Phase 6: End-to-End Integration#
Goal: Run a small hand-constructed program across 1-2 PEs and verify results.
Components:
tests/test_integration.py— multi-PE programs: PE0 CONST feeds PE1 ADD, SM round-trip (PE writes, PE reads), fan-out via DUAL mode, conditional routing via SWITCH- Stretch: CfgToken abstract mutation test (load IRAM via token injection)
Dependencies: Phase 5 (initialization API)
Done when: A hand-constructed program executes end-to-end across 2 PEs with correct token flow, matching, execution, and output routing. SM read/write round-trip produces correct data. or1-emu.AC6 criteria covered.
Additional Considerations#
Split-ready PE stages. The PE process loop calls stage methods sequentially. To split into independent SimPy processes later, replace method calls with inter-stage SimPy Stores. The method signatures are designed for this: each takes explicit inputs and returns explicit outputs, no implicit shared state between stages.
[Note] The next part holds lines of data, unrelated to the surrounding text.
(* Assume that the weak Poincaré inequality $$\mu(f^2)\le\beta(r)\,\mathcal E(f,f)+r\|f\|_\infty^2,\qquad r>0,\ f\in\mathcal D(\mathcal E),\ \mu(f)=0,$$ holds for some decreasing function $\beta:(0,\infty)\to(0,\infty)$. If for every $\varepsilon>0$ $$\inf_{n,k\ge1}e^{\tilde Z_n(V)}\beta\big(\varepsilon e^{-\tilde Z_n(V)}\big)\big(\tilde\eta_{n,k}+\tilde\gamma_k+\mu(\rho>n-k)\big)=0,$$ then $$\mu_V(f^2)\le\beta_V(r)\,\mathcal E_V(f,f)+r\|f\|_\infty^2,\qquad r>0,\ f\in\mathcal D(\mathcal E_V),\ \mu_V(f)=0,$$ holds with $$\beta_V(r):=\inf\Big\{2\beta\Big(\frac r8e^{-\tilde Z_n(V)}\Big)e^{\tilde K_{n,k}(V)}:\ n,k\ge1,\ 6\mu_V(\rho>n)+2e^{\tilde Z_n(V)}\beta\Big(\frac r8e^{-\tilde Z_n(V)}\Big)\big(4\tilde\eta_{n,k}+\tilde\gamma_k+4\lambda\mu(\rho>n-k)\big)\le\frac r2\Big\},$$ and $\beta_V(r)<\infty$ for all $r>0$.
   Context: Setting: $(E,d)$ is a Polish space with Borel $\sigma$-field and a probability measure $\mu$. Let $q:E\times E\to[0,\infty)$ be measurable with $q(x,x)=0$ for all $x$, and $\lambda:=\sup_{x\in E}\int_E(1\wedge d(x,y)^2)q(x,y)\,\mu(\mathrm dy)<\infty.$ For bounded measurable $f,g$ set $\Gamma(f,g)(x)=\int_E(f(x)-f(y))(g(x)-g(y))q(x,y)\mu(\mathrm dy)$; $\mathcal A$ is the set of bounded measurable $f$ with $\Gamma(f,f)$ bounded, assumed dense in $L^2(\mu)$. $(\mathcal E,\mathcal D(\mathcal E))$ is the closure in $L^2(\mu)$ of $\mathcal E(f,g)=\mu(\Gamma(f,g))$ on $\mathcal A$. Fix $o\in E$, $\rho(x)=d(o,x)$. $V$ is a measurable function bounded on each set $\{\rho\le r\}$, $r>0$, with $\mu(e^V)=1$; $\mu_V(\mathrm dx)=e^{V(x)}\mu(\mathrm dx)$, and $(\mathcal E_V,\mathcal D(\mathcal E_V))$ is the closure in $L^2(\mu_V)$ of $\mathcal E_V(f,g)=\mu_V(\Gamma(f,g))$ on $\mathcal A$. $\|f\|_\infty$ is the uniform norm. Notation (for $n,k\ge1$): $\tilde K_{n,k}(V)=\sup_{\rho\le n}V-\inf_{\rho\le n+k+1}V$; $\tilde Z_n(V)=\sup_{\rho\le n}V$; $\tilde\eta_{n,k}=\iint_{\{\rho(x)>n+k+1,\ \rho(y)\le n+1\}}q(x,y)\mu(\mathrm dy)\mu(\mathrm dx)$; $\tilde\gamma_k=\iint_{\{d(x,y)>k\}}q(x,y)\mu(\mathrm dy)\mu(\mathrm dx)$. *)

theory Defs
  imports "HOL-Probability.Probability"
begin

definition Gam :: "'a measure \<Rightarrow> ('a \<Rightarrow> 'a \<Rightarrow> real) \<Rightarrow> ('a \<Rightarrow> real) \<Rightarrow> 'a \<Rightarrow> ennreal" where
  "Gam M q f x = (\<integral>\<^sup>+ y. ennreal ((f x - f y)^2 * q x y) \<partial>M)"

definition coreA :: "'a measure \<Rightarrow> ('a \<Rightarrow> 'a \<Rightarrow> real) \<Rightarrow> ('a \<Rightarrow> real) set" where
  "coreA M q = {f \<in> borel_measurable M. bounded (range f) \<and> (\<exists>C::real. \<forall>x. Gam M q f x \<le> ennreal C)}"

definition energy :: "'a measure \<Rightarrow> ('a \<Rightarrow> 'a \<Rightarrow> real) \<Rightarrow> 'a measure \<Rightarrow> ('a \<Rightarrow> real) \<Rightarrow> real" where
  "energy M q N f = enn2real (\<integral>\<^sup>+ x. Gam M q f x \<partial>N)"

text \<open>fs is an approximating sequence for f in the closure in L^2(N) of the form on the core.\<close>
definition approx_seq :: "'a measure \<Rightarrow> ('a \<Rightarrow> 'a \<Rightarrow> real) \<Rightarrow> 'a measure \<Rightarrow> ('a \<Rightarrow> real) \<Rightarrow> (nat \<Rightarrow> 'a \<Rightarrow> real) \<Rightarrow> bool" where
  "approx_seq M q N f fs \<longleftrightarrow>
     (\<forall>n. fs n \<in> coreA M q) \<and> f \<in> borel_measurable N \<and> integrable N (\<lambda>x. (f x)^2) \<and>
     (\<lambda>n. \<integral>x. (fs n x - f x)^2 \<partial>N) \<longlonglongrightarrow> 0 \<and>
     (\<forall>e>0. \<exists>N0. \<forall>m\<ge>N0. \<forall>n\<ge>N0. energy M q N (\<lambda>x. fs m x - fs n x) < e)"

definition form_dom :: "'a measure \<Rightarrow> ('a \<Rightarrow> 'a \<Rightarrow> real) \<Rightarrow> 'a measure \<Rightarrow> ('a \<Rightarrow> real) set" where
  "form_dom M q N = {f. \<exists>fs. approx_seq M q N f fs}"

text \<open>Value of the closed form: limit of energies along approximating sequences
  (independent of the sequence by closability).\<close>
definition form_val :: "'a measure \<Rightarrow> ('a \<Rightarrow> 'a \<Rightarrow> real) \<Rightarrow> 'a measure \<Rightarrow> ('a \<Rightarrow> real) \<Rightarrow> real" where
  "form_val M q N f = Inf {e. \<exists>fs. approx_seq M q N f fs \<and> (\<lambda>n. energy M q N (fs n)) \<longlonglongrightarrow> e}"

definition sup_norm :: "('a \<Rightarrow> real) \<Rightarrow> real" where
  "sup_norm f = (SUP x. \<bar>f x\<bar>)"

text \<open>Weak Poincare inequality for the closed form in L^2(N) with rate function beta.
  Unbounded f are omitted since then the uniform norm is infinite and the inequality trivial.\<close>
definition weak_poincare :: "'a measure \<Rightarrow> ('a \<Rightarrow> 'a \<Rightarrow> real) \<Rightarrow> 'a measure \<Rightarrow> (real \<Rightarrow> real) \<Rightarrow> bool" where
  "weak_poincare M q N \<beta> \<longleftrightarrow>
     (\<forall>r>0. \<forall>f\<in>form_dom M q N. bounded (range f) \<longrightarrow> (\<integral>x. f x \<partial>N) = 0 \<longrightarrow>
        (\<integral>x. (f x)^2 \<partial>N) \<le> \<beta> r * form_val M q N f + r * (sup_norm f)^2)"

definition lam :: "'a::metric_space measure \<Rightarrow> ('a \<Rightarrow> 'a \<Rightarrow> real) \<Rightarrow> ennreal" where
  "lam M q = (SUP x. \<integral>\<^sup>+ y. ennreal (min 1 ((dist x y)^2) * q x y) \<partial>M)"

definition Zt :: "'a::metric_space \<Rightarrow> ('a \<Rightarrow> real) \<Rightarrow> nat \<Rightarrow> real" where
  "Zt x0 V n = (SUP x\<in>{x. dist x0 x \<le> real n}. V x)"

definition Kt :: "'a::metric_space \<Rightarrow> ('a \<Rightarrow> real) \<Rightarrow> nat \<Rightarrow> nat \<Rightarrow> real" where
  "Kt x0 V n k = Zt x0 V n - (INF x\<in>{x. dist x0 x \<le> real n + real k + 1}. V x)"

definition etat :: "'a::metric_space measure \<Rightarrow> ('a \<Rightarrow> 'a \<Rightarrow> real) \<Rightarrow> 'a \<Rightarrow> nat \<Rightarrow> nat \<Rightarrow> ennreal" where
  "etat M q x0 n k = (\<integral>\<^sup>+ x. \<integral>\<^sup>+ y.
      (if dist x0 x > real n + real k + 1 \<and> dist x0 y \<le> real n + 1 then ennreal (q x y) else 0) \<partial>M \<partial>M)"

definition gammat :: "'a::metric_space measure \<Rightarrow> ('a \<Rightarrow> 'a \<Rightarrow> real) \<Rightarrow> nat \<Rightarrow> ennreal" where
  "gammat M q k = (\<integral>\<^sup>+ x. \<integral>\<^sup>+ y. (if dist x y > real k then ennreal (q x y) else 0) \<partial>M \<partial>M)"

definition betaV_set :: "'a::metric_space measure \<Rightarrow> ('a \<Rightarrow> 'a \<Rightarrow> real) \<Rightarrow> 'a \<Rightarrow> ('a \<Rightarrow> real)
    \<Rightarrow> (real \<Rightarrow> real) \<Rightarrow> real \<Rightarrow> real set" where
  "betaV_set M q x0 V \<beta> r =
     {2 * \<beta> (r / 8 * exp (- Zt x0 V n)) * exp (Kt x0 V n k) | n k. n \<ge> 1 \<and> k \<ge> 1 \<and>
        ennreal (6 * measure (density M (\<lambda>x. ennreal (exp (V x)))) {x. dist x0 x > real n})
        + ennreal (2 * exp (Zt x0 V n) * \<beta> (r / 8 * exp (- Zt x0 V n)))
          * (4 * etat M q x0 n k + gammat M q k
             + 4 * lam M q * ennreal (measure M {x. dist x0 x > real n - real k}))
        \<le> ennreal (r / 2)}"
CfgToken stretch goal. Abstract mutation (direct IRAM/route_table write from a CfgToken) can be added in Phase 6 without architectural changes — the PE process loop already has a cfg check branch. Full hardware-faithful cfg processing (PE locking, multi-cycle writes) is out of scope.
Shared mutable list footgun. sm_mod.py line 29 uses [SMCell(...)] * size which creates a list of references to the same object. The emulator's SM will need to create independent cell instances.